Walking into Cowper's Specimen, you'll imagine - undoubtedly for the first time - how an imprisoned 19th-century lepidopterist might have organized his cell. In fact, Cowper's installation was inspired by his discovery that Henry Skinner, a curator of the entomology department at Philadelphia's Academy of Natural Sciences, actually met an inmate at Eastern State in 1889 who was a trained lepidopterist, and was astonished to see that he had collected 18 species of moths and butterflies in the yard outside his cell.

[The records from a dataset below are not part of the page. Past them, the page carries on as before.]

text \<open>The second derivative \<open>profile 0\<close> is the trapezoid followed, beyond \<open>d\<close>, by a
  negative copy compressed by the factor \<open>l\<close>; this copy has the same area, so the first
  derivative \<open>profile 1\<close> returns to 0 and \<open>profile 2\<close> becomes constant.\<close>

definition profile :: "nat \<Rightarrow> real \<Rightarrow> real \<Rightarrow> real \<Rightarrow> real \<Rightarrow> real \<Rightarrow> real \<Rightarrow> real" where
  "profile n a b c d l s = trap n a b c d s - l * trap n a b c d (l * (s - d)) / l ^ n"

context
  fixes a b c d l :: real
  assumes abcd: "0 \<le> a" "a < b" "b < c" "c < d" and l: "0 < l"
begin

lemma profile_has_real_derivative:
  "(profile (Suc n) a b c d l has_real_derivative profile n a b c d l s) (at s)"
  unfolding profile_def using l
  by (auto intro!: derivative_eq_intros trap_has_real_derivative[OF abcd(2-)]
                   trap_has_real_derivative[OF abcd(2-), THEN DERIV_chain2])

lemma profile_1_has_real_derivative:
  "(profile 1 a b c d l has_real_derivative profile 0 a b c d l s) (at s)"
  using profile_has_real_derivative[of 0] by simp

lemma profile_2_has_real_derivative:
  "(profile 2 a b c d l has_real_derivative profile 1 a b c d l s) (at s)"
  using profile_has_real_derivative[of 1] by (simp add: numeral_2_eq_2)

lemma continuous_on_profile: "continuous_on S (profile n a b c d l)"
proof -
  have "continuous_on S (\<lambda>s. trap n a b c d (l * (s - d)))"
    by (rule continuous_on_compose2[OF continuous_on_trap[OF abcd(2-)]])
       (auto intro!: continuous_intros)
  then show ?thesis
    unfolding profile_def using l by (auto intro!: continuous_intros continuous_on_trap[OF abcd(2-)])
qed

Cowper has retrofitted his cell space with old-fashioned display cases and a wooden flat file and filled them with jars, test tubes, and cigar-box arrangements of insects recently found (dead) on the premises by him and helpful ESP staff. Clearly, he is familiar with artist Mark Dion's fanciful re-creations of historic places and events, but as a real-life entomology curatorial assistant at the academy, he brings an encyclopedic knowledge, palpable enthusiasm, and wit to his project (I'm assuming his dead stinkbug viewed through a peephole in the flat file is a reference to Marcel Duchamp's Etant Donnes at the nearby Philadelphia Museum of Art).

In Separate System, Griska, a Philadelphia sculptor known for his found-object reinventions, has intensified the experience of imprisonment through his transposition of an entirely new cell within the dimensions of an original one, vastly increasing the space's innately claustrophobic quality. (He also jettisoned the bed and toilet to remove all personal touches.)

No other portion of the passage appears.